Among the entries that follow, count the lines that contain the word "moreover" and say how many there are, writing nothing else.
--- Given data ---
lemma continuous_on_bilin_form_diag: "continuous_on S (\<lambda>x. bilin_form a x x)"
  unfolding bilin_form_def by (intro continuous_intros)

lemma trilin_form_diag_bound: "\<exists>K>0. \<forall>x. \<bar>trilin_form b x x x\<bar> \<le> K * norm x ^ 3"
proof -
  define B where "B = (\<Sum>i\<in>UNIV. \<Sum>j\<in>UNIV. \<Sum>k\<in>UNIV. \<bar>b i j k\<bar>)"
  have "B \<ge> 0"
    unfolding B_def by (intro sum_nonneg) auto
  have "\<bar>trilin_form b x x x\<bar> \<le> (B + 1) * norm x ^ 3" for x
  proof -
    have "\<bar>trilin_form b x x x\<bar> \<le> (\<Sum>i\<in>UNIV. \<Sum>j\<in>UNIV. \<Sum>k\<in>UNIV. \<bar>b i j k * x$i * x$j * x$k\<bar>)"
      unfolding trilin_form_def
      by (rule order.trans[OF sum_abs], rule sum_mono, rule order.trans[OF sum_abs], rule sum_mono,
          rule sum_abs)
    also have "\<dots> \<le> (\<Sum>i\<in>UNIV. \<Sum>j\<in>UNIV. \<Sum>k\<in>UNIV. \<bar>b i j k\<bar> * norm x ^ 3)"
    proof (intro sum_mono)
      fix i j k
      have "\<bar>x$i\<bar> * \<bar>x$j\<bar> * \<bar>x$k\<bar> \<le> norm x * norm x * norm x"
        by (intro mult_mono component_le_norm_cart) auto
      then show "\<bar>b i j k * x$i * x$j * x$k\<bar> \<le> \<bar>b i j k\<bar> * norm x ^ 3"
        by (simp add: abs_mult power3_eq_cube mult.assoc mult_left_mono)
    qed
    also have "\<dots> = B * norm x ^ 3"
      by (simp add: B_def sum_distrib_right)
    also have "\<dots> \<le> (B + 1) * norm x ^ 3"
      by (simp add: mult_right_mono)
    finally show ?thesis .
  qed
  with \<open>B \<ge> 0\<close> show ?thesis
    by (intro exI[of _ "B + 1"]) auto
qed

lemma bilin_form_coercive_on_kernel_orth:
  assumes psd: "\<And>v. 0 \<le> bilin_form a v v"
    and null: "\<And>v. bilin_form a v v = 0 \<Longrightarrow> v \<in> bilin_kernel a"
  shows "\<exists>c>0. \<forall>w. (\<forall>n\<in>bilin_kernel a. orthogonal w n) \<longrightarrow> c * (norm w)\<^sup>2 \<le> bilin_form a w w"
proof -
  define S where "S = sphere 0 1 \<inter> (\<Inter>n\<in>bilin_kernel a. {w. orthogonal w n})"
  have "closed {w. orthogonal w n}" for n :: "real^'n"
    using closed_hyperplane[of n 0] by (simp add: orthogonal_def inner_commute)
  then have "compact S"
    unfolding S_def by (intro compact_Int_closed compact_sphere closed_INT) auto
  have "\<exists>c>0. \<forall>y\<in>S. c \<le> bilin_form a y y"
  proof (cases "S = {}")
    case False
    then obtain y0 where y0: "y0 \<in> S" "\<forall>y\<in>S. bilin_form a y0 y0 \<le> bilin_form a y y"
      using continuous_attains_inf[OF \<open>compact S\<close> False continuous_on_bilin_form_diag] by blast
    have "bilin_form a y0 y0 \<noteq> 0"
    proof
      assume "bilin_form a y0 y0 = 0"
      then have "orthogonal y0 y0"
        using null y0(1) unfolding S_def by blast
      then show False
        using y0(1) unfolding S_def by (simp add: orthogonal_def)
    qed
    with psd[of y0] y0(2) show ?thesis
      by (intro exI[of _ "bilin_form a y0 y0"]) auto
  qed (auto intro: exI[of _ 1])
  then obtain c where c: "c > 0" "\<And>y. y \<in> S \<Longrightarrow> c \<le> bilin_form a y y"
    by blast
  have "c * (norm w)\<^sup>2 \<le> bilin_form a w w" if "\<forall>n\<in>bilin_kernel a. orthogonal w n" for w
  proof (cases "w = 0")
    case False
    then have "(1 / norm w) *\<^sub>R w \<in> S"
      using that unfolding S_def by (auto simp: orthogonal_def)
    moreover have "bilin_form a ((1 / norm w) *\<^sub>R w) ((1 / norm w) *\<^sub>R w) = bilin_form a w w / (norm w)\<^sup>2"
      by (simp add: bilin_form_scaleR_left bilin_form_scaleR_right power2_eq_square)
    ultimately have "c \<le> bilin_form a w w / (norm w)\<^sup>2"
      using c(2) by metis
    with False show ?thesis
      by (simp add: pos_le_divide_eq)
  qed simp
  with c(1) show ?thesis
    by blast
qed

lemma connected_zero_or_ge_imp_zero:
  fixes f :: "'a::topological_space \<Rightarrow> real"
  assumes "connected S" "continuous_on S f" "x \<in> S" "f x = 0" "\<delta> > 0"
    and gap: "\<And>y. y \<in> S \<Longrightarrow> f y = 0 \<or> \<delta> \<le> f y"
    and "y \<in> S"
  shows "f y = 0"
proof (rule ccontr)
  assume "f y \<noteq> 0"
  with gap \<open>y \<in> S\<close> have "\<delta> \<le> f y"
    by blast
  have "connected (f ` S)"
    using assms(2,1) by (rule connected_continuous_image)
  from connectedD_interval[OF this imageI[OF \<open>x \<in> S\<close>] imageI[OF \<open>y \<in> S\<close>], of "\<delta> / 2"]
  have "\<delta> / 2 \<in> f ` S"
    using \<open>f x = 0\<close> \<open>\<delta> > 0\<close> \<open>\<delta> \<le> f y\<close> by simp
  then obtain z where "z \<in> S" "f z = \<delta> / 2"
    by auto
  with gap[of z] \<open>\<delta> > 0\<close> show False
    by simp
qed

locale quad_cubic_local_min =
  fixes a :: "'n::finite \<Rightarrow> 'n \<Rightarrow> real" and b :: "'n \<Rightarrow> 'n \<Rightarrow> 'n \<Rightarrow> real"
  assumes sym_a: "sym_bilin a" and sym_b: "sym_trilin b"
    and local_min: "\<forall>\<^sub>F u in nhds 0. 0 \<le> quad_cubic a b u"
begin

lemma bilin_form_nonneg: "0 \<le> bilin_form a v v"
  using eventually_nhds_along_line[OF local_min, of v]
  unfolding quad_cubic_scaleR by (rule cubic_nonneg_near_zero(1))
---
--- Given data ---
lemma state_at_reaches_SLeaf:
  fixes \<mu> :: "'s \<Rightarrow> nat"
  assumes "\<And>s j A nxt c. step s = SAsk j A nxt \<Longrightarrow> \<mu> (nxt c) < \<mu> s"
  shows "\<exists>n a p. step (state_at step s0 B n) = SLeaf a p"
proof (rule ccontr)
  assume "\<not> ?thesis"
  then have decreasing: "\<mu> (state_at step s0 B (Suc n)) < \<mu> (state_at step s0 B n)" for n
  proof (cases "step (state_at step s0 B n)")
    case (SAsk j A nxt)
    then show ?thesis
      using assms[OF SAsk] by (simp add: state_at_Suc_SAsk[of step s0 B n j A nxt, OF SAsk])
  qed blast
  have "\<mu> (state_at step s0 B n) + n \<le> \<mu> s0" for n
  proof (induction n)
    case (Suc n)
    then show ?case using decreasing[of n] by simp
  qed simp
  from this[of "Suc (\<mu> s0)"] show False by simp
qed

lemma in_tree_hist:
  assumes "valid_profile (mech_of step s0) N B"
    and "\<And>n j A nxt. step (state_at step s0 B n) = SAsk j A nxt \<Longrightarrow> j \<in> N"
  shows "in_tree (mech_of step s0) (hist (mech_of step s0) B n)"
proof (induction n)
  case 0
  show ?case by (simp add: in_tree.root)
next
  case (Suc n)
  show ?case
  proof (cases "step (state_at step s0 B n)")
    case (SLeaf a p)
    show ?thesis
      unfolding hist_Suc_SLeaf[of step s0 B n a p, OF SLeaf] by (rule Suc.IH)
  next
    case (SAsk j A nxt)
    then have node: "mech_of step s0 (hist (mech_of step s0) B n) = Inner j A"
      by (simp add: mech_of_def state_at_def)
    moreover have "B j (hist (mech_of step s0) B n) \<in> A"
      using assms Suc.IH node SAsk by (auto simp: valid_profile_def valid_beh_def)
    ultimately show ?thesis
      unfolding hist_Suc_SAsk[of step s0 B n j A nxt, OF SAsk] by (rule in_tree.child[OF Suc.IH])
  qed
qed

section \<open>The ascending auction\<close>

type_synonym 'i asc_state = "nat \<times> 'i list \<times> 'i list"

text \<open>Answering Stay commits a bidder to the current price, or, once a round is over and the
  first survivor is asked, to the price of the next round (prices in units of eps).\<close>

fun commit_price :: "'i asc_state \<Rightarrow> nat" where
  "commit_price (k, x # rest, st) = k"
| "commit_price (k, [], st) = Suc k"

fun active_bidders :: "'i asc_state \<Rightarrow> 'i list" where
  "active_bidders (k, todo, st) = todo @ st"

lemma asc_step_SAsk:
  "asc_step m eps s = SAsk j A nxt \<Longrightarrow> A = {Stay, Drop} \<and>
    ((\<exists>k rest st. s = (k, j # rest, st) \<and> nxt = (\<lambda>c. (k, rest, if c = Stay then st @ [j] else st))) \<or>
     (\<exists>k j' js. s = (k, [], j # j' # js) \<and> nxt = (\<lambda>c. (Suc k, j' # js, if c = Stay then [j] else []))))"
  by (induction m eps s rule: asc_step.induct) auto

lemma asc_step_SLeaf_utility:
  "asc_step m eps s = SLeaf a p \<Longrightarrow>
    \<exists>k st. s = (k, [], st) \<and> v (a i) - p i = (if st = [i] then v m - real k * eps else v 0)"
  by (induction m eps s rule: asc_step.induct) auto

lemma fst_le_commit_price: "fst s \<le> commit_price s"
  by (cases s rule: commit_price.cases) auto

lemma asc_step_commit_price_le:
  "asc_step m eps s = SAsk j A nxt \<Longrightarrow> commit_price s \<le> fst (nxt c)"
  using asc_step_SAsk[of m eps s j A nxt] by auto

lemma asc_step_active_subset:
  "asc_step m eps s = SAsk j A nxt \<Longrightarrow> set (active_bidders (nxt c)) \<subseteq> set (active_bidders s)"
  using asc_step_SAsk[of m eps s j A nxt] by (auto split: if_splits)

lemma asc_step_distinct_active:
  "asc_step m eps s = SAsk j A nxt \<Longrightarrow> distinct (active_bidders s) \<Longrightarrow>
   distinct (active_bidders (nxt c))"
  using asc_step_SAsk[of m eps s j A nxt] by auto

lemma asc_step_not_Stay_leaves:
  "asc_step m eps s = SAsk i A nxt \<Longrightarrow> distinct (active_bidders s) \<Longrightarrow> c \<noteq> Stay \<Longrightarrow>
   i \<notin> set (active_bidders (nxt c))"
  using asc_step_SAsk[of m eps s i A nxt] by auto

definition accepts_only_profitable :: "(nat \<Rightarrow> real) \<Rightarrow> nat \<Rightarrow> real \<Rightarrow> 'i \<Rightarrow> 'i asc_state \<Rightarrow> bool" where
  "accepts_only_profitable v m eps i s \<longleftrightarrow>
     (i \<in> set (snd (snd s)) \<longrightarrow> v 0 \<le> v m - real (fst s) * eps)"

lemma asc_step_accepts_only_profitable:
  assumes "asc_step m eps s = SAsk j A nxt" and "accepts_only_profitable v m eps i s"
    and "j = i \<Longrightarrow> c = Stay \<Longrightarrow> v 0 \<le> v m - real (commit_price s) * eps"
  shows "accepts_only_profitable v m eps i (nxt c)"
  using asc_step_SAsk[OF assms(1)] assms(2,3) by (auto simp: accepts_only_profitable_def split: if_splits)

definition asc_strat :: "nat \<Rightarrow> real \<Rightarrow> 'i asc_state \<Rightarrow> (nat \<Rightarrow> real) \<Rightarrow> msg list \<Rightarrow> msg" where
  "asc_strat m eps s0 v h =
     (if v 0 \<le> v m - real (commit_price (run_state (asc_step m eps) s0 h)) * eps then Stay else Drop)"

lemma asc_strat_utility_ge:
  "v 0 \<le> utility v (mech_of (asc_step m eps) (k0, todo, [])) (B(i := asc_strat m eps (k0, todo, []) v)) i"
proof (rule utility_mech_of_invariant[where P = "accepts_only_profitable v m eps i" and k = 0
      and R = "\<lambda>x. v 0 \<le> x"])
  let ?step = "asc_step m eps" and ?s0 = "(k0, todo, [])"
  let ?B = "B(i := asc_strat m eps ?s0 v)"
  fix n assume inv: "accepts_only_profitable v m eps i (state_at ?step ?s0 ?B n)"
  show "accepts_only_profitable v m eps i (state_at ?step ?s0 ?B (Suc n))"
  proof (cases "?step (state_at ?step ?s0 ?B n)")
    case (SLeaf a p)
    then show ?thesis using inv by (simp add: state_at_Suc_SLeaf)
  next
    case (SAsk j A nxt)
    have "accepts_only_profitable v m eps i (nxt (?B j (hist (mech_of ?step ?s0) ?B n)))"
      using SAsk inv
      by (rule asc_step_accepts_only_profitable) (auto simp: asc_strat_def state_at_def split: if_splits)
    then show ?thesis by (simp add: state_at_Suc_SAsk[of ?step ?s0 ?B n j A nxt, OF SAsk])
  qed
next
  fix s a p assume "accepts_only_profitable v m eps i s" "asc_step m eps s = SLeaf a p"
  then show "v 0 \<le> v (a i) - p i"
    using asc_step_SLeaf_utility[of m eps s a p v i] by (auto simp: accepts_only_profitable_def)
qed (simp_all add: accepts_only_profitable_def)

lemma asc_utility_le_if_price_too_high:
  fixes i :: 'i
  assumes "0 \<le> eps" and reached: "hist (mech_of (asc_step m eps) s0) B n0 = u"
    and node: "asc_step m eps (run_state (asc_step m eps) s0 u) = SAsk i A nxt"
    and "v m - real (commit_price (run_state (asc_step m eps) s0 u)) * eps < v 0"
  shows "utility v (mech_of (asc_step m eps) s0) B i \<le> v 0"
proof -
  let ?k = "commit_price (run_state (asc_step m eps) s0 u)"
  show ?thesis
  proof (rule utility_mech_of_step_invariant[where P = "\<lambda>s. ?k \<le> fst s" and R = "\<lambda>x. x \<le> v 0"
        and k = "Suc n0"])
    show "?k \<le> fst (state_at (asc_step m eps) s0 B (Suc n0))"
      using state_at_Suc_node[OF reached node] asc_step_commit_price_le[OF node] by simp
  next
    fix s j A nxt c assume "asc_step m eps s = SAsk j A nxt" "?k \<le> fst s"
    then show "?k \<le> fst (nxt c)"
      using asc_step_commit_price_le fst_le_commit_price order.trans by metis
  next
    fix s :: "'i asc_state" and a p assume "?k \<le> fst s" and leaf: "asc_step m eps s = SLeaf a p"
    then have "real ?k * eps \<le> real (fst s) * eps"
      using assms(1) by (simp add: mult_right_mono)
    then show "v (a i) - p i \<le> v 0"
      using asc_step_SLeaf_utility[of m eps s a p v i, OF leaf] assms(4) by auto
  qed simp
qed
---
--- Given data ---
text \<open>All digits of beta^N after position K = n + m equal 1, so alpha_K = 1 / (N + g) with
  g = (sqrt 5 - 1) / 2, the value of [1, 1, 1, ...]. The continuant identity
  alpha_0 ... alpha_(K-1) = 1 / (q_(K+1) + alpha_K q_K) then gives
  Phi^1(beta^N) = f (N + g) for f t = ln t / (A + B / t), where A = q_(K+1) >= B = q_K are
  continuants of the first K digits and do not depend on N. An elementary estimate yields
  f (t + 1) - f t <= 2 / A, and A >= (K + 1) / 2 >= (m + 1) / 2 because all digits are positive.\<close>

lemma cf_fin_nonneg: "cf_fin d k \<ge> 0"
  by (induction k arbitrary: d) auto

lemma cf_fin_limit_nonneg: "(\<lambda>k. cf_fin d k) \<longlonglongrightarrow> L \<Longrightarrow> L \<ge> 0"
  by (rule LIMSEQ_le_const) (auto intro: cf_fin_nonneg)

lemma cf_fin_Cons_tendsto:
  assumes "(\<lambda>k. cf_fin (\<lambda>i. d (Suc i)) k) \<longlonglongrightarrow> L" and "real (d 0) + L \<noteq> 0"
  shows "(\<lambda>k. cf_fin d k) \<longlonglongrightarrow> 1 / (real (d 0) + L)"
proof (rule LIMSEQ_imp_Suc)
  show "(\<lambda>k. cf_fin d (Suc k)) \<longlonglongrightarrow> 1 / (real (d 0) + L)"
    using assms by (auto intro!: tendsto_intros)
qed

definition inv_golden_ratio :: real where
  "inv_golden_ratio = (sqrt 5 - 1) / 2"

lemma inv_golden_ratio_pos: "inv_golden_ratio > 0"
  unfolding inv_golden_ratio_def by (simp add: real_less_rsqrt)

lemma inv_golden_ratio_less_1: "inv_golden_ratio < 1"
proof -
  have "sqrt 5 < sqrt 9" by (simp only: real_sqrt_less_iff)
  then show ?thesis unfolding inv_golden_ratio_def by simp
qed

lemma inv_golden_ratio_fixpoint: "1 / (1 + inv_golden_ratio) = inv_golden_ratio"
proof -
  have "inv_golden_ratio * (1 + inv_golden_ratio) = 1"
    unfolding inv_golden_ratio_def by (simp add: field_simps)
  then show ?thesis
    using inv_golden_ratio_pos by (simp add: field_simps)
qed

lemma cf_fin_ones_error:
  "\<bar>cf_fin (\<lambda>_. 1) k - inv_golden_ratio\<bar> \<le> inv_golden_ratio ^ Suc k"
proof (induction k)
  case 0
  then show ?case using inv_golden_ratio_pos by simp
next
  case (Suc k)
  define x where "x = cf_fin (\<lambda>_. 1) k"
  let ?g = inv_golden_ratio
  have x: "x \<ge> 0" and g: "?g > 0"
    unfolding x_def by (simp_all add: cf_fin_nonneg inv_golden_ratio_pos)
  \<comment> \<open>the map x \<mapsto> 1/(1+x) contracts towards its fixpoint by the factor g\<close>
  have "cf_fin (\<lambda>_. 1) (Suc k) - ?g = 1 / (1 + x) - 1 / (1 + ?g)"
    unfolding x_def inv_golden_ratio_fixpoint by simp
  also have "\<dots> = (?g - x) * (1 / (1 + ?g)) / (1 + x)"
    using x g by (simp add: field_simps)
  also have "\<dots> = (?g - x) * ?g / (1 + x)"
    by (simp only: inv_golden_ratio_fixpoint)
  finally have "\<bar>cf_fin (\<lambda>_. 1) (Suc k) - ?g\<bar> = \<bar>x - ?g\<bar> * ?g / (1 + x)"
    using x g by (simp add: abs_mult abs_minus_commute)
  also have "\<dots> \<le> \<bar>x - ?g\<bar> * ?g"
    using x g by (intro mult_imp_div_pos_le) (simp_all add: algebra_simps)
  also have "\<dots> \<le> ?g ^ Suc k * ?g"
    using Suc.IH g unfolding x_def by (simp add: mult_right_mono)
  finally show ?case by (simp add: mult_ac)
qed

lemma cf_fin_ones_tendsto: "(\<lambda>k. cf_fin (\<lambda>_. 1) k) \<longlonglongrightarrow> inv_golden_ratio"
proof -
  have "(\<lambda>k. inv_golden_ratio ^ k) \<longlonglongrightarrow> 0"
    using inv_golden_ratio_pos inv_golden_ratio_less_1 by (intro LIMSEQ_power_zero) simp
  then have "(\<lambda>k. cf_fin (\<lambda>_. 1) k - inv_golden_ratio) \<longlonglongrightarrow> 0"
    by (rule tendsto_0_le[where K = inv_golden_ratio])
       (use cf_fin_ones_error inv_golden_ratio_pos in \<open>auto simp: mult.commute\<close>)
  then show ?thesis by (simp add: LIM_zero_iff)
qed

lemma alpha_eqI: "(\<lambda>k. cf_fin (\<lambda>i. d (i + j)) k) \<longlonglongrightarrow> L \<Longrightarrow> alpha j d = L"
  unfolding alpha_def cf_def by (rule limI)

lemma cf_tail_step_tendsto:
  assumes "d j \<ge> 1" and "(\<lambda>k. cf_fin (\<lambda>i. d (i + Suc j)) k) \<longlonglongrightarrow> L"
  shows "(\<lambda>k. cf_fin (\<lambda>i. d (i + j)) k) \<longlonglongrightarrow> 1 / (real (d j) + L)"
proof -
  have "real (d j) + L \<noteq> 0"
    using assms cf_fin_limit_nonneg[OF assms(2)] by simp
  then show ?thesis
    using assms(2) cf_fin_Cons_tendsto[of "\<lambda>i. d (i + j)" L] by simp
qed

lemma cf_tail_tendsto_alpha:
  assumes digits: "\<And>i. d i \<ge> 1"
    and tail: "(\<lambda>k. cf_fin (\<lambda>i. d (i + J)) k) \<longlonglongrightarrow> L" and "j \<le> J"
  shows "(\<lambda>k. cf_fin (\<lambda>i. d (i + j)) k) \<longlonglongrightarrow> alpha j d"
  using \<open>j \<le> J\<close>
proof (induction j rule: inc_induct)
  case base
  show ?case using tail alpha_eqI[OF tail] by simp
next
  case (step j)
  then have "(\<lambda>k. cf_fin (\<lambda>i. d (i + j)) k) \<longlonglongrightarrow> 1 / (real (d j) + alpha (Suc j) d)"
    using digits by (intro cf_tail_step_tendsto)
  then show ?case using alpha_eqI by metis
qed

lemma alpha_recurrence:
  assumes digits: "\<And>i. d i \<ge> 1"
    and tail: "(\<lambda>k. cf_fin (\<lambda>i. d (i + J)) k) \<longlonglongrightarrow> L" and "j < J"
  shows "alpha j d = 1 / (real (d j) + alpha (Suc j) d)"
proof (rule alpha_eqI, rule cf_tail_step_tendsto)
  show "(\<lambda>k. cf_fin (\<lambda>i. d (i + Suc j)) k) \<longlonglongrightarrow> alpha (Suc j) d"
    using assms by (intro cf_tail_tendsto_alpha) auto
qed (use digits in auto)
---
▶ **Result for this task**:
2